L'ancien ministre du Budget, Jérôme Cahuzac, au coeur du plus gros scandale de l'ère Hollande, répond mercredi aux questions des députés sur ce que savait le gouvernement de son compte caché à l'étranger en dépit de ses mensonges répétés à chacun des acteurs concernés.

L'ancien orateur vedette de l'Assemblée nationale reviendra à cette occasion pour la première fois au Palais Bourbon, après avoir abandonné son siège de député sous les lazzi mi-avril.

Cette audition devant la commission d'enquête parlementaire sur d'éventuels dysfonctionnements de l'État entre les révélations de Mediapart le 4 décembre 2012 et les aveux de M. Cahuzac le 2 avril 2013 sera également sa première intervention publique depuis son mea culpa télévisé, le 16 avril.

Grave et contrit, il avait évoqué dans cet entretien retransmis par BFM-TV sa «part d'ombre» et avait reconnu avoir «commis une folle bêtise, une folle erreur», affirmant qu'il n'aurait pas dû accepter en mai 2012 le poste de ministre délégué au Budget que lui proposait François Hollande.

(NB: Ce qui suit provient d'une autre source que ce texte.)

(* Let $\phi(x,y,z)=\alpha x+\beta y+\gamma z$ with $\alpha,\beta,\gamma\in\mathbb{R}$ not all zero, and let $S\subset\mathbb{R}^3$ be a cyclic surface which is $\phi$-minimal. Then the planes containing the circles (or arcs of circles) of the foliation of $S$ are parallel to one another.
   Context: For a smooth oriented surface $S\subset\mathbb{R}^3$ with unit normal (Gauss map) $N$, let $H$ denote its mean curvature, normalized so that the mean curvature vector is $\Delta_S X = 2HN$ ($X$ the position vector, $\Delta_S$ the Laplace–Beltrami operator); e.g. for a graph $z=u(x,y)$ with upward normal, $2H=\operatorname{div}\big(\nabla u/\sqrt{1+|\nabla u|^2}\big)$. For the density $e^{\phi}$ on $\mathbb{R}^3$ with $\phi(x,y,z)=\alpha x+\beta y+\gamma z$ (a log-linear density), the vector $\vec v=(\alpha,\beta,\gamma)$ is called the $\phi$-density vector, and the $\phi$-mean curvature is $H_\phi = H-\tfrac12\frac{d\phi}{dN}=H-\tfrac12\langle N,\vec v\rangle$. $S$ is $\phi$-minimal if $H_\phi\equiv 0$, i.e. $H=\tfrac12\langle N,\vec v\rangle$ on $S$ (this condition is independent of the choice of orientation). A cyclic surface is a surface generated by a smooth one-parameter family of circles (not necessarily of the same radius), or of arcs of circles; i.e. locally $X(s,t)=\mathbf c(s)+r(s)(\cos t\,\mathbf e_1(s)+\sin t\,\mathbf e_2(s))$ with $r>0$, $\{\mathbf e_1(s),\mathbf e_2(s)\}$ orthonormal spanning the plane of the $s$-th circle, $t$ in an interval. The result is local. *)

theory Defs
  imports "HOL-Analysis.Analysis"
begin

definition smooth_on :: "real set \<Rightarrow> (real \<Rightarrow> 'a::real_normed_vector) \<Rightarrow> bool" where
  "smooth_on U f \<longleftrightarrow> (\<exists>D::nat \<Rightarrow> real \<Rightarrow> 'a. (\<forall>x\<in>U. D 0 x = f x) \<and>
      (\<forall>n. \<forall>x\<in>U. (D n has_vector_derivative D (Suc n) x) (at x)))"

definition cyclic_param ::
  "(real \<Rightarrow> real^3) \<Rightarrow> (real \<Rightarrow> real) \<Rightarrow> (real \<Rightarrow> real^3) \<Rightarrow> (real \<Rightarrow> real^3)
   \<Rightarrow> real \<Rightarrow> real \<Rightarrow> real^3" where
  "cyclic_param c r e1 e2 = (\<lambda>s t. c s + r s *\<^sub>R (cos t *\<^sub>R e1 s + sin t *\<^sub>R e2 s))"

definition Xs :: "(real \<Rightarrow> real \<Rightarrow> real^3) \<Rightarrow> real \<Rightarrow> real \<Rightarrow> real^3" where
  "Xs X s t = vector_derivative (\<lambda>\<sigma>. X \<sigma> t) (at s)"
definition Xt :: "(real \<Rightarrow> real \<Rightarrow> real^3) \<Rightarrow> real \<Rightarrow> real \<Rightarrow> real^3" where
  "Xt X s t = vector_derivative (\<lambda>\<tau>. X s \<tau>) (at t)"

definition unit_normal :: "(real \<Rightarrow> real \<Rightarrow> real^3) \<Rightarrow> real \<Rightarrow> real \<Rightarrow> real^3" where
  "unit_normal X s t = (1 / norm (cross3 (Xs X s t) (Xt X s t))) *\<^sub>R (cross3 (Xs X s t) (Xt X s t))"
section \<open>Eigenvectors in invariant subspaces\<close>

definition apply_poly :: "('a::field^'n \<Rightarrow> 'a^'n) \<Rightarrow> 'a poly \<Rightarrow> 'a^'n \<Rightarrow> 'a^'n" where
  "apply_poly f p x = (\<Sum>i\<le>degree p. coeff p i *s (f ^^ i) x)"

lemma apply_poly_eq_sum_atMost:
  assumes "degree p \<le> n"
  shows "apply_poly f p x = (\<Sum>i\<le>n. coeff p i *s (f ^^ i) x)"
  unfolding apply_poly_def using assms
  by (intro sum.mono_neutral_left) (auto simp: coeff_eq_0)

lemma apply_poly_const [simp]: "apply_poly f [:c:] x = c *s x"
  by (simp add: apply_poly_def)

lemma apply_poly_linear_factor:
  assumes "Vector_Spaces.linear (*s) (*s) f"
  shows "apply_poly f ([:-r, 1:] * h) x = f (apply_poly f h x) - r *s apply_poly f h x"
proof -
  let ?d = "degree h"
  have "degree ([:-r, 1:] * h) \<le> Suc ?d"
    using degree_mult_le[of "[:-r, 1:]" h] by simp
  moreover have "[:-r, 1:] * h = pCons 0 h - smult r h"
    by (simp add: mult_pCons_left)
  ultimately have "apply_poly f ([:-r, 1:] * h) x
      = (\<Sum>i\<le>Suc ?d. coeff (pCons 0 h) i *s (f ^^ i) x)
        - (\<Sum>i\<le>Suc ?d. (r * coeff h i) *s (f ^^ i) x)"
    by (simp add: apply_poly_eq_sum_atMost vec.scale_left_diff_distrib sum_subtractf)
  also have "(\<Sum>i\<le>Suc ?d. coeff (pCons 0 h) i *s (f ^^ i) x)
      = (\<Sum>i\<le>?d. f (coeff h i *s (f ^^ i) x))"
    unfolding sum.atMost_Suc_shift by (simp add: vec.linear_scale[OF assms])
  also have "\<dots> = f (apply_poly f h x)"
    by (simp add: apply_poly_def vec.linear_sum[OF assms])
  also have "(\<Sum>i\<le>Suc ?d. (r * coeff h i) *s (f ^^ i) x) = r *s apply_poly f h x"
    by (simp add: apply_poly_eq_sum_atMost[of h "Suc ?d"] vec.scale_sum_right)
  finally show ?thesis .
qed

lemma apply_poly_in_subspace:
  assumes "vec.subspace S" and "f ` S \<subseteq> S" and "x \<in> S"
  shows "apply_poly f p x \<in> S"
proof -
  have "(f ^^ i) x \<in> S" for i
    using assms(2,3) by (induction i) auto
  then show ?thesis
    unfolding apply_poly_def by (intro vec.subspace_sum vec.subspace_scale assms(1))
qed

lemma ex_annihilating_poly:
  "\<exists>p. p \<noteq> 0 \<and> apply_poly f p x = 0"
proof -
  let ?g = "\<lambda>i. (f ^^ i) x"
  obtain k where "?g k \<in> vec.span (?g ` {..<k})"
    using ex_in_span_of_preceding[of ?g] by blast
  then obtain c where c: "?g k = (\<Sum>i<k. c i *s ?g i)"
    using mem_span_image_lessThan_sum by blast
  define q where "q = monom 1 k - (\<Sum>i<k. monom (c i) i)"
  have coeff_q: "coeff q i = (if i = k then 1 else 0) - (if i < k then c i else 0)" for i
    by (simp add: q_def coeff_sum coeff_monom)
  have "degree q \<le> k"
    by (rule degree_le) (auto simp: coeff_q)
  then have "apply_poly f q x = ?g k - (\<Sum>i<k. c i *s ?g i)"
    by (simp add: apply_poly_eq_sum_atMost lessThan_Suc_atMost[symmetric] coeff_q
        vec.scale_left_diff_distrib sum_subtractf sum_negf if_distrib cong: if_cong)
  moreover have "q \<noteq> 0"
    using coeff_q[of k] by auto
  ultimately show ?thesis
    using c by auto
qed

Mais il s'était montré moins disert pour mettre hors de cause le chef de l'État ou son ministre de tutelle, à l'Économie, Pierre Moscovici. À propos de M. Hollande, il s'était borné à dire: «j'ignore quel était son niveau de connaissance de cette affaire. Ce que je veux dire, c'est que à lui, comme au premier ministre, comme à Pierre Moscovici, je n'ai pas dit la vérité».

C'est pourtant sur ce que pouvait savoir Bercy, le ministère de l'Intérieur et celui de la Justice, ainsi que Matignon et l'Élysée bien sûr que la commission enquête.

«Notre mission est de savoir s'il y a eu entre le 5 décembre et le départ de Jérôme Cahuzac (du gouvernement, le 19 mars, ndlr), dans le cheminement de l'État, des dysfonctionnements ou non et savoir si telle ou telle décision aurait entravé le travail de la justice», a expliqué à l'AFP le rapporteur de la commission, le socialiste Alain Claeys.

L'ancien ministre «est resté acteur de l'appareil de l'État, il sera intéressant d'avoir son sentiment, son analyse sur ce qui s'est passé durant cette période», a-t-il estimé.

Muraille de Chine

Et ceci même si une «muraille de Chine» avait été érigée avec l'administration fiscale dès le 10 décembre empêchant le ministre du Budget d'avoir la moindre information sur l'enquête administrative le concernant menée par la Direction générale des Finances publiques.

La commission cherche notamment à savoir si cette enquête a été menée avec suffisamment de diligence et sans complaisance pour M. Cahuzac, étant donné la gravité des accusations de Mediapart.

Le député a rappelé que l'instance n'était «ni juge ni procureur» et ne se substituait pas à l'action judiciaire, mais que les personnes auditionnées s'exprimaient néanmoins sous serment. Des informations découvertes dans le cadre de ce type d'auditions peuvent être transmises à la justice.

Présidée par le centriste Charles de Courson, la commission a déjà auditionné depuis le 21 mai nombre de hauts fonctionnaires de Bercy, les directeurs de cabinet de Jérôme Cahuzac et du ministre de l'Économie Pierre Moscovici, mais aussi Fabrice Arfi, le journaliste qui a révélé l'histoire, et le directeur de Mediapart, Edwy Plenel.

Parallèlement, plusieurs acteurs locaux ont également été entendus, notamment Michel Gonelle, battu par Jérôme Cahuzac aux municipales de Villeneuve-sur-Lot (Lot-et-Garonne) en 2001, mais aussi l'ancien juge anti-terroriste Jean-Louis Bruguières, candidat malheureux contre M. Cahuzac aux législatives de 2007.

Tous deux ont été en possession de l'enregistrement qui a constitué la pièce centrale du dossier et dans lequel on entend une voix attribuée à M. Cahuzac évoquer un compte secret à l'UBS, qu'il qualifie de «pas la plus planquée des banques». Entendu le premier jour des auditions de la commission, M. Gonelle doit être à nouveau entendu début juillet, après avoir été contredit à plusieurs reprises par d'autres témoins.

Les ministres de l'Économie, Pierre Moscovici, de la Justice Christiane Taubira et de l'Intérieur Manuel Valls devraient être auditionnés «après le 14 juillet», a assuré M. Claeys à l'AFP, en précisant que les dates n'étaient pas encore complètement calées.

Le rapport de la commission doit être rendu au mois de septembre.